- [Exercise objective]:
Would you return, word for word, the lines of the data below from the line with "exactly \<open>a +" through the line with "cnj c * cinner", and no others?

Items listed in a dataset
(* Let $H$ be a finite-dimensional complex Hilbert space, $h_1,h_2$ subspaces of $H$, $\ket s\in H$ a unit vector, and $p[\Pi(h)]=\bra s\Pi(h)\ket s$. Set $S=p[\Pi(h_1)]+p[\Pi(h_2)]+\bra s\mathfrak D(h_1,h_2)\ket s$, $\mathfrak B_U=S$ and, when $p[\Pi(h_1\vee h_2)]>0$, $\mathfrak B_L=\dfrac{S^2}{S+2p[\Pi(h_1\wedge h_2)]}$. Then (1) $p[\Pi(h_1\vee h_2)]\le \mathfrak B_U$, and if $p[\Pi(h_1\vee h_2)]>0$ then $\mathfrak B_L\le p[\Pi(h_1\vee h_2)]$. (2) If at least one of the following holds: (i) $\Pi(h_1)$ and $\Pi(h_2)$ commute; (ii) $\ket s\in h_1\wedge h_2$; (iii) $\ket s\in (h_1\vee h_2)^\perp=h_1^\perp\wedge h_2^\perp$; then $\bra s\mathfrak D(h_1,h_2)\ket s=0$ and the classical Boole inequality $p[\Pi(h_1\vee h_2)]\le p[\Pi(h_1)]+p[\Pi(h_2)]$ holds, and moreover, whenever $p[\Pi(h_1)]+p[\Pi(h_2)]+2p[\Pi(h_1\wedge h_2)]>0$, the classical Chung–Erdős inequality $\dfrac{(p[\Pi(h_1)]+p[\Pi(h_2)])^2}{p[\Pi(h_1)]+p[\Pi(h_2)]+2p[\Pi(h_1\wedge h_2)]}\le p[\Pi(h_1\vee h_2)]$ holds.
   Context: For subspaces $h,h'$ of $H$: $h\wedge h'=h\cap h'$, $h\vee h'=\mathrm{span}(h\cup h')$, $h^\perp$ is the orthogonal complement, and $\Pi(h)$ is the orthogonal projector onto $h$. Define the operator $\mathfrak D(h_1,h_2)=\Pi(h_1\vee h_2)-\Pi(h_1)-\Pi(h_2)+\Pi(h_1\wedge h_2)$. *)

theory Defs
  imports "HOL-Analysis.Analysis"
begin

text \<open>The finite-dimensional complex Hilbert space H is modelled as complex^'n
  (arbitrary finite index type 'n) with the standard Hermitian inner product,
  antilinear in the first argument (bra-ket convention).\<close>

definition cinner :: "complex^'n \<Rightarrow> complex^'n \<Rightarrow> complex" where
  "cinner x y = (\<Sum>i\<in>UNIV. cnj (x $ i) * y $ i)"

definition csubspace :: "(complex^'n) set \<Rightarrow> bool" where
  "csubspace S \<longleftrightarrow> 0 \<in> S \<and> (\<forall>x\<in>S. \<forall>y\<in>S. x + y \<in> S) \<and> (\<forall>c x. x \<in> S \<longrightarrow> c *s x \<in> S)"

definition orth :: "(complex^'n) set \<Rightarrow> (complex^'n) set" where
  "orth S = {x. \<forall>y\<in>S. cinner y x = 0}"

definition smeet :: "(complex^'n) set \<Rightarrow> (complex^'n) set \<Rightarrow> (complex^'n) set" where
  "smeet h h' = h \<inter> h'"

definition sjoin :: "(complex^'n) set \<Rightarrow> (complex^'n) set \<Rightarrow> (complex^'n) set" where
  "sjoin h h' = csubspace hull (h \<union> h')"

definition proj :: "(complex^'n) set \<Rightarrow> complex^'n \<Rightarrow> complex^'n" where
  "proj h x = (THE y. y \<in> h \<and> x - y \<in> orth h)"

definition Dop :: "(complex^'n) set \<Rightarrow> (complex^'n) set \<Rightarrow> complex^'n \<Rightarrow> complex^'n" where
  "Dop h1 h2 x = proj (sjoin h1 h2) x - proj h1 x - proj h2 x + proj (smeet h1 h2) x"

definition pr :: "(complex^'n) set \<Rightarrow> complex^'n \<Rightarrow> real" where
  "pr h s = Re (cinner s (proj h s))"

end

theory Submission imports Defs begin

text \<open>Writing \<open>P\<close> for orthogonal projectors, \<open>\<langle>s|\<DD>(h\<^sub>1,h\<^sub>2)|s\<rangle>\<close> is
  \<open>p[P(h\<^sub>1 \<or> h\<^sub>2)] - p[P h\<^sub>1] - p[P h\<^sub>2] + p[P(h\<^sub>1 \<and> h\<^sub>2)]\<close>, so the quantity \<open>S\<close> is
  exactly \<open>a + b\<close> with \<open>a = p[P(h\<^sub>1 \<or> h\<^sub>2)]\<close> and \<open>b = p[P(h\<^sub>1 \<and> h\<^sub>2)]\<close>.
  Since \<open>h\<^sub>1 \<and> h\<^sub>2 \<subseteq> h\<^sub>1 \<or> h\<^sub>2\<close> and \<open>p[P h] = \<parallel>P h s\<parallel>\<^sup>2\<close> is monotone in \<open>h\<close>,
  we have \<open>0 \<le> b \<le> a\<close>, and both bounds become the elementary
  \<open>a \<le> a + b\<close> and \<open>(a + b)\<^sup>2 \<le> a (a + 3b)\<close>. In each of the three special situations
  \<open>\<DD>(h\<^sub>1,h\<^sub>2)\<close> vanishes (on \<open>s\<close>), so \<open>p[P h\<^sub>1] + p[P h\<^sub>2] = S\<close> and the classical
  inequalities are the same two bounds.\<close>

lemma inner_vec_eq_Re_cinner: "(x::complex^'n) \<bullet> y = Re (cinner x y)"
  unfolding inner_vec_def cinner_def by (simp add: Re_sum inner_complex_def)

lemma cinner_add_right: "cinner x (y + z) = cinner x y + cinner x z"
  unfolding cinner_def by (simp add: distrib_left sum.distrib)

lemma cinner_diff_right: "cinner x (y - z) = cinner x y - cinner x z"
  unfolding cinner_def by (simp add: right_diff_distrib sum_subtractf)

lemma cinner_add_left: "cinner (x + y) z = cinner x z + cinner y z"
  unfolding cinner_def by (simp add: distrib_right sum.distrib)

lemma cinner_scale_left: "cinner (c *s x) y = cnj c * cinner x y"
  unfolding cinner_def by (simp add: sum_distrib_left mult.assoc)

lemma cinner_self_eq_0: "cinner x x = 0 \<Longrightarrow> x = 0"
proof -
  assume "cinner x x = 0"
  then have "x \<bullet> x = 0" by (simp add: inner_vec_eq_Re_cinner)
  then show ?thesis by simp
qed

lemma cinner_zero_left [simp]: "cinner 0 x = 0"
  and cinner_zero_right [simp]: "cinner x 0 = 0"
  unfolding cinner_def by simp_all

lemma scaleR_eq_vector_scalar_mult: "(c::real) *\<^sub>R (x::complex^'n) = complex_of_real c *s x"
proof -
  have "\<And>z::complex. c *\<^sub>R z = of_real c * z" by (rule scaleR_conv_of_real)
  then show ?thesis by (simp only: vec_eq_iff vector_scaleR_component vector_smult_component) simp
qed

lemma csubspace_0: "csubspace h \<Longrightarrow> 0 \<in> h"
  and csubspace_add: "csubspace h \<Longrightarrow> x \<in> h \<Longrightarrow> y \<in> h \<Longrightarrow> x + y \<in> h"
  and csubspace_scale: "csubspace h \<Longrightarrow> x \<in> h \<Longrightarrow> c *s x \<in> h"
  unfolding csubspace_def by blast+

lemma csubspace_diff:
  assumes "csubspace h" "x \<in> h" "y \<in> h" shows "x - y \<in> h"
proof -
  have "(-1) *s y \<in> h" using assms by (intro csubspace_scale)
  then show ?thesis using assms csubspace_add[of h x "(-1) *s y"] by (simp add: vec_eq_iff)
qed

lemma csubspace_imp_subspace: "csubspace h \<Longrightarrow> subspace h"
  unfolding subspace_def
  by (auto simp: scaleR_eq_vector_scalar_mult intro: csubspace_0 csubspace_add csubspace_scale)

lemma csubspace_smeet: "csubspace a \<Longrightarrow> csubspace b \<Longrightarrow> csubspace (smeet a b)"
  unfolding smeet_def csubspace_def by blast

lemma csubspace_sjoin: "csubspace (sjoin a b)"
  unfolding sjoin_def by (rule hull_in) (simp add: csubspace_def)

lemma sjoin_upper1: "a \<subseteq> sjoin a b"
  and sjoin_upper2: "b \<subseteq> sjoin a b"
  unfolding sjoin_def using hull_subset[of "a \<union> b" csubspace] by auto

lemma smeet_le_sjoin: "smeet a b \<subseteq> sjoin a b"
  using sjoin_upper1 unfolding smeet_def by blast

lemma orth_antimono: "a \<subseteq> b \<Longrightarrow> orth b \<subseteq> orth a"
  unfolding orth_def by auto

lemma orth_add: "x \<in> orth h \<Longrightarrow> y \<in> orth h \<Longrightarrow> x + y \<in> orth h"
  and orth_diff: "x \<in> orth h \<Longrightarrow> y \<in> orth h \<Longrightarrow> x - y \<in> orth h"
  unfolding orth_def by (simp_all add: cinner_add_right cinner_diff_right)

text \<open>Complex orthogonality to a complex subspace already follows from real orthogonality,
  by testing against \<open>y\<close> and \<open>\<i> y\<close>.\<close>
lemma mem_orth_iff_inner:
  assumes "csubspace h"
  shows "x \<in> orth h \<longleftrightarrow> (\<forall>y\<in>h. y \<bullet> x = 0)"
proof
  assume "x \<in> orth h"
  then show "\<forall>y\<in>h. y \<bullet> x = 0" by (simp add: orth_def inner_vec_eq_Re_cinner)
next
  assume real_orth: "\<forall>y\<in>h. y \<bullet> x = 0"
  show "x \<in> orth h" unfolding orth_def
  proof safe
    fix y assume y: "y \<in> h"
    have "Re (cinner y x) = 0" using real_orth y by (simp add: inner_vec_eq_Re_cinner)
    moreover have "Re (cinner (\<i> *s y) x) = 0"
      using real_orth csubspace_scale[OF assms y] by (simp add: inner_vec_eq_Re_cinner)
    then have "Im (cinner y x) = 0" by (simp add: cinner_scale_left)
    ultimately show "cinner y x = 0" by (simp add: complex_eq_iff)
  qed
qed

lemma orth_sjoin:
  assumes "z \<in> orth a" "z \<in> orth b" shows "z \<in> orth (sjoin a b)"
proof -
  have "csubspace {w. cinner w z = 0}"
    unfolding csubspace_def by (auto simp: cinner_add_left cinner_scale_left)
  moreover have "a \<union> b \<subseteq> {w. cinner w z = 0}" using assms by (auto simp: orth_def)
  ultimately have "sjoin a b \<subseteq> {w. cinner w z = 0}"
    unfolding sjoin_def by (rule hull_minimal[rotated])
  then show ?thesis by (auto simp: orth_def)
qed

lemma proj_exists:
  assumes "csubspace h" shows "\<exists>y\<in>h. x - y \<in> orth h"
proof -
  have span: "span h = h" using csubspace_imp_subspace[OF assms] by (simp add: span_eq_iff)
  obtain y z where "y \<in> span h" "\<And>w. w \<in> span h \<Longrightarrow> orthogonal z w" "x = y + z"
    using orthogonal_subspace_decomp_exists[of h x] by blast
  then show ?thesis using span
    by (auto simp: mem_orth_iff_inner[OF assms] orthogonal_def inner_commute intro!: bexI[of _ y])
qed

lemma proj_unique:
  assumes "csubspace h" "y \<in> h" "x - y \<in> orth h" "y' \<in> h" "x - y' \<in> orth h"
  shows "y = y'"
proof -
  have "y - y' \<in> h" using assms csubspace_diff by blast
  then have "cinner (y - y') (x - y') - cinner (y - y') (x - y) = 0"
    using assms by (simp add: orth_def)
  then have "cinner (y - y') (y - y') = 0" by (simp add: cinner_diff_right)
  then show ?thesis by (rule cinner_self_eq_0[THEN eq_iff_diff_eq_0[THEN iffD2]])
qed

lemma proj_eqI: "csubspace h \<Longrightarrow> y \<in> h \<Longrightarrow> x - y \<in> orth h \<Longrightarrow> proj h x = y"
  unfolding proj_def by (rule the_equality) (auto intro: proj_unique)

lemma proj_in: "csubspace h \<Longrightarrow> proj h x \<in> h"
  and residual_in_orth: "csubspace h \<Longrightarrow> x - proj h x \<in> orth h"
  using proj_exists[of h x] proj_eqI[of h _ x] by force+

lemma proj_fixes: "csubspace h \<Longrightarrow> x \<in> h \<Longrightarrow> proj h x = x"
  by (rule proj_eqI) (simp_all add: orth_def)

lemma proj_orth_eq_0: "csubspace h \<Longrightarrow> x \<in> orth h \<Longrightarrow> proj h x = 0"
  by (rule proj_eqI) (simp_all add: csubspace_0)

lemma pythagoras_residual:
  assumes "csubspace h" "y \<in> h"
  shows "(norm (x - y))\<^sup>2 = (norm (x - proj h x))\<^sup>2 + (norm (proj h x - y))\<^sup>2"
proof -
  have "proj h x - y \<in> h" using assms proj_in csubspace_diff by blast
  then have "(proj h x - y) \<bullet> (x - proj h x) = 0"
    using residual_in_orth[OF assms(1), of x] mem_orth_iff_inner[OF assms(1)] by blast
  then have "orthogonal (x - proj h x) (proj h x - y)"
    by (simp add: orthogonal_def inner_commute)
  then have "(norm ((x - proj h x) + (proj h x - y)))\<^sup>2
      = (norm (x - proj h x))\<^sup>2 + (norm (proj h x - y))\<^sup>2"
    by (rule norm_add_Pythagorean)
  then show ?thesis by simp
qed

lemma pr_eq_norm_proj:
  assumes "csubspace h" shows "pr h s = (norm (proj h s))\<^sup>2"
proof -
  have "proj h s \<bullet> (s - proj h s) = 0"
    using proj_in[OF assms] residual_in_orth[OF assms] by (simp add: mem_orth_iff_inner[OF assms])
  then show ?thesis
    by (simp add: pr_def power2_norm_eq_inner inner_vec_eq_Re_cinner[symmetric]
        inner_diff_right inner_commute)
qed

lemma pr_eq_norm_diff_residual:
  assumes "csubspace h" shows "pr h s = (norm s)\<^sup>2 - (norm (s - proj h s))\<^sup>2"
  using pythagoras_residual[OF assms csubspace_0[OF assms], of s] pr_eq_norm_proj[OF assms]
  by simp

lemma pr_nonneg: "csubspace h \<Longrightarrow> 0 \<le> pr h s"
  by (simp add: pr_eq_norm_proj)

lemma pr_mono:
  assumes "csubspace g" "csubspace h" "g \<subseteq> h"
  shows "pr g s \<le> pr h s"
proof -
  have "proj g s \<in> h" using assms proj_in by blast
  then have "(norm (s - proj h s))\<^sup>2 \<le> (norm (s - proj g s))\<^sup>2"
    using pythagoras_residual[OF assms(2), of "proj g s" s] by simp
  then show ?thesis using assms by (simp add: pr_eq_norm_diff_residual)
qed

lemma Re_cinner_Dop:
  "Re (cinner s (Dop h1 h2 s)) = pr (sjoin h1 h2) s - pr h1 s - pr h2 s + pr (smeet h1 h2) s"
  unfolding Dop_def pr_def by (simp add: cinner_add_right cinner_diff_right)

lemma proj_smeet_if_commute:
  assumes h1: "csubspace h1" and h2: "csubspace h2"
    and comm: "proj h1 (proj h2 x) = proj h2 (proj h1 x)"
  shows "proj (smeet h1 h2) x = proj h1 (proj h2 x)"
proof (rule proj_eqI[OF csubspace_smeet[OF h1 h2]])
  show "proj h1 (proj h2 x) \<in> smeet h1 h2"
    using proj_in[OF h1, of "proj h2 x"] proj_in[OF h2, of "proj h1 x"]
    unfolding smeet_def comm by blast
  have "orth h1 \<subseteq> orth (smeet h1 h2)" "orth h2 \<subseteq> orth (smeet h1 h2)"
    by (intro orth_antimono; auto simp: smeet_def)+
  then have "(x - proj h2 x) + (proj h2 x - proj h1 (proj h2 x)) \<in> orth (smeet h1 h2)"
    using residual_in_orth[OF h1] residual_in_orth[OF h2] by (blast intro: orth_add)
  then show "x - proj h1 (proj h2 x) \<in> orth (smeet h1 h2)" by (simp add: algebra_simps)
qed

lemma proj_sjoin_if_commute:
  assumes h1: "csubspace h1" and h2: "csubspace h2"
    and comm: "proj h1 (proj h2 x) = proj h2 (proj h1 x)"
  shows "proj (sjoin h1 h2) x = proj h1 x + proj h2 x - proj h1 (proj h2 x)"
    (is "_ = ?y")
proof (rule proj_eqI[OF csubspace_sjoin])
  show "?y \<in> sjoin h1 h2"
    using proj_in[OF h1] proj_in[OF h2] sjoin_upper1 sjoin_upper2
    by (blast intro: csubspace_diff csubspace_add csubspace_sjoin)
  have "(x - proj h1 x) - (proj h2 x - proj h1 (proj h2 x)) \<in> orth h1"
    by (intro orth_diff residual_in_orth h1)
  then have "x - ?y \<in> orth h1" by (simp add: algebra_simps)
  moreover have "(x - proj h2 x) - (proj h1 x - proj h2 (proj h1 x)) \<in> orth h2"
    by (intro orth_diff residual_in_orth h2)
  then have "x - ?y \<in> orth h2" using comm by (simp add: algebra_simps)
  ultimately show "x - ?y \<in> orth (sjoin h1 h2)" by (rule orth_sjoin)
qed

---

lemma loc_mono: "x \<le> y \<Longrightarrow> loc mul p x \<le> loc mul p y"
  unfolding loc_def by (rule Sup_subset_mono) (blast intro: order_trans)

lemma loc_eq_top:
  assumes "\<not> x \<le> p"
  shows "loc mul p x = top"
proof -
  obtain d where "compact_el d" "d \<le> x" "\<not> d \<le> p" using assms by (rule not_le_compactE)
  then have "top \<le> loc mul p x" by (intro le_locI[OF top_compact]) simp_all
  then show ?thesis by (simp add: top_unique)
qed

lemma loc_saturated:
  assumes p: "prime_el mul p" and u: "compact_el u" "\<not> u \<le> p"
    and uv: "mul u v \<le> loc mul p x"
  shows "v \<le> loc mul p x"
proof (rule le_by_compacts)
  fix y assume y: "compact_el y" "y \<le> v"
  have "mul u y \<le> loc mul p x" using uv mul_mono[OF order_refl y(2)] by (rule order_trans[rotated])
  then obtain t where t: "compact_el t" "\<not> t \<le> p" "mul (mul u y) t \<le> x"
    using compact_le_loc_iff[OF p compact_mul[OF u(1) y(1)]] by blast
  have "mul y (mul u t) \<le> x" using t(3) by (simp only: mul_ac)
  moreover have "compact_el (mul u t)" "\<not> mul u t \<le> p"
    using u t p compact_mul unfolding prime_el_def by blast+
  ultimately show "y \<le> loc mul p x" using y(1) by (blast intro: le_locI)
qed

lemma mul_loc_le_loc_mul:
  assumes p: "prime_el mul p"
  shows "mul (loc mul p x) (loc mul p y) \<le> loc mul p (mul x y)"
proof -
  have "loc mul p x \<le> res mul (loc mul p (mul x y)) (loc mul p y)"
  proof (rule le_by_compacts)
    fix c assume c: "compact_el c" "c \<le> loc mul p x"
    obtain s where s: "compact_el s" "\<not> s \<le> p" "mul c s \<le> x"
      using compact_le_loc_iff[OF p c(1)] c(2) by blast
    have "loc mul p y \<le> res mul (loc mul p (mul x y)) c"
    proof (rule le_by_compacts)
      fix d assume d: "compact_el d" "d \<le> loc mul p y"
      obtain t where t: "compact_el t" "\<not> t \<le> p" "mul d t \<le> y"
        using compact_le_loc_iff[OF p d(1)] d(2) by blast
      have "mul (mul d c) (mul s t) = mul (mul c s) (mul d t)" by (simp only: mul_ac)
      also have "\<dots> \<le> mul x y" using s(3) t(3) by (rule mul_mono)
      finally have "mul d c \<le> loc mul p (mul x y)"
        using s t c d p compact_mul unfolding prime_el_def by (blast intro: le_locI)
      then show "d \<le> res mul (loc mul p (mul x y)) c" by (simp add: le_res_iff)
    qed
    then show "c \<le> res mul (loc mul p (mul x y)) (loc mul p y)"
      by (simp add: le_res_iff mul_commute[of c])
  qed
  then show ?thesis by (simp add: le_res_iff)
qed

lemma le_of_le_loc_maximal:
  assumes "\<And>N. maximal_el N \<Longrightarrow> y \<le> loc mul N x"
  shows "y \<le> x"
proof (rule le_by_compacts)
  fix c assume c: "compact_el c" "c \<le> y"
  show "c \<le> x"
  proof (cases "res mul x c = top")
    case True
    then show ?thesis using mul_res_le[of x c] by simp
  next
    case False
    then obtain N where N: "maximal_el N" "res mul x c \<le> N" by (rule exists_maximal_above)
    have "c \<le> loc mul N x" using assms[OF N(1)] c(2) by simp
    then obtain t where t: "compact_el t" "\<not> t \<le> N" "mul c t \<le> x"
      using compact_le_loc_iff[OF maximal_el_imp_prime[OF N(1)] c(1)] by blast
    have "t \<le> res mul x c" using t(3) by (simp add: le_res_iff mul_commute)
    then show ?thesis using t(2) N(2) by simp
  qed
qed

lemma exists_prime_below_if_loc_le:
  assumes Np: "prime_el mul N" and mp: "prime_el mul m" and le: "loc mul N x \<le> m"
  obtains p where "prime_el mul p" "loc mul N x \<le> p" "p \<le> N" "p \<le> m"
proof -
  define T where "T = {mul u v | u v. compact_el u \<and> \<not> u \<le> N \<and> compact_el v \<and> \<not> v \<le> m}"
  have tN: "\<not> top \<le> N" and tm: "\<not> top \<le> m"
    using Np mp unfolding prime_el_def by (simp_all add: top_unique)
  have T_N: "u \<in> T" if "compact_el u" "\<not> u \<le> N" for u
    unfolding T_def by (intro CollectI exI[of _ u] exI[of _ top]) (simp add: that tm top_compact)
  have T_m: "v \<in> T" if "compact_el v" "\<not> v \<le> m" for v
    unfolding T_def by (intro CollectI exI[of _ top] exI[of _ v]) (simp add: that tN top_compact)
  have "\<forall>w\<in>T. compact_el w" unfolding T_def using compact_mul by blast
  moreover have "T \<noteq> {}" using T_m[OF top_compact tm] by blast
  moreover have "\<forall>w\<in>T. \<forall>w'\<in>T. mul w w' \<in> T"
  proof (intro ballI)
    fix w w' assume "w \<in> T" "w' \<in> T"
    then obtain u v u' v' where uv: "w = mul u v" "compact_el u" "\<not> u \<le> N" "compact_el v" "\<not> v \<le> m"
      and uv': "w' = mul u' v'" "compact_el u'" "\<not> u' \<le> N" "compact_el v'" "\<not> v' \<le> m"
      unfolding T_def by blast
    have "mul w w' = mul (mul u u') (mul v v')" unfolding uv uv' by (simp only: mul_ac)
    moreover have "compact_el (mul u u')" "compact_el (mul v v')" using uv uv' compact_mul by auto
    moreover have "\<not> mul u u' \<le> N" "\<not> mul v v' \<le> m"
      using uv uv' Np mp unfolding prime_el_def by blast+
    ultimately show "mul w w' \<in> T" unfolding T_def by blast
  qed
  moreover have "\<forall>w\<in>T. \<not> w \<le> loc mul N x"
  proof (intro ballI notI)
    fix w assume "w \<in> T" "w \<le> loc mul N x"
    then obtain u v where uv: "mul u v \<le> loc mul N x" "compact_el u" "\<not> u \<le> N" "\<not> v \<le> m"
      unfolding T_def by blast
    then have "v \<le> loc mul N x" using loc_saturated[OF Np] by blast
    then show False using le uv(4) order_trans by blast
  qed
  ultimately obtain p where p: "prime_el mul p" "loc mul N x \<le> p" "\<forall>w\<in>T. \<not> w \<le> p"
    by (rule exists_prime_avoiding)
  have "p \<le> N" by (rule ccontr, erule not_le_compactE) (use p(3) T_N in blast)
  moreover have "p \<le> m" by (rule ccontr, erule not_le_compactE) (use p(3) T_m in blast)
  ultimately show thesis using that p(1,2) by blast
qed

- [Answer area]:
  exactly \<open>a + b\<close> with \<open>a = p[P(h\<^sub>1 \<or> h\<^sub>2)]\<close> and \<open>b = p[P(h\<^sub>1 \<and> h\<^sub>2)]\<close>.
  Since \<open>h\<^sub>1 \<and> h\<^sub>2 \<subseteq> h\<^sub>1 \<or> h\<^sub>2\<close> and \<open>p[P h] = \<parallel>P h s\<parallel>\<^sup>2\<close> is monotone in \<open>h\<close>,
  we have \<open>0 \<le> b \<le> a\<close>, and both bounds become the elementary
  \<open>a \<le> a + b\<close> and \<open>(a + b)\<^sup>2 \<le> a (a + 3b)\<close>. In each of the three special situations
  \<open>\<DD>(h\<^sub>1,h\<^sub>2)\<close> vanishes (on \<open>s\<close>), so \<open>p[P h\<^sub>1] + p[P h\<^sub>2] = S\<close> and the classical
  inequalities are the same two bounds.\<close>

lemma inner_vec_eq_Re_cinner: "(x::complex^'n) \<bullet> y = Re (cinner x y)"
  unfolding inner_vec_def cinner_def by (simp add: Re_sum inner_complex_def)

lemma cinner_add_right: "cinner x (y + z) = cinner x y + cinner x z"
  unfolding cinner_def by (simp add: distrib_left sum.distrib)

lemma cinner_diff_right: "cinner x (y - z) = cinner x y - cinner x z"
  unfolding cinner_def by (simp add: right_diff_distrib sum_subtractf)

lemma cinner_add_left: "cinner (x + y) z = cinner x z + cinner y z"
  unfolding cinner_def by (simp add: distrib_right sum.distrib)

lemma cinner_scale_left: "cinner (c *s x) y = cnj c * cinner x y"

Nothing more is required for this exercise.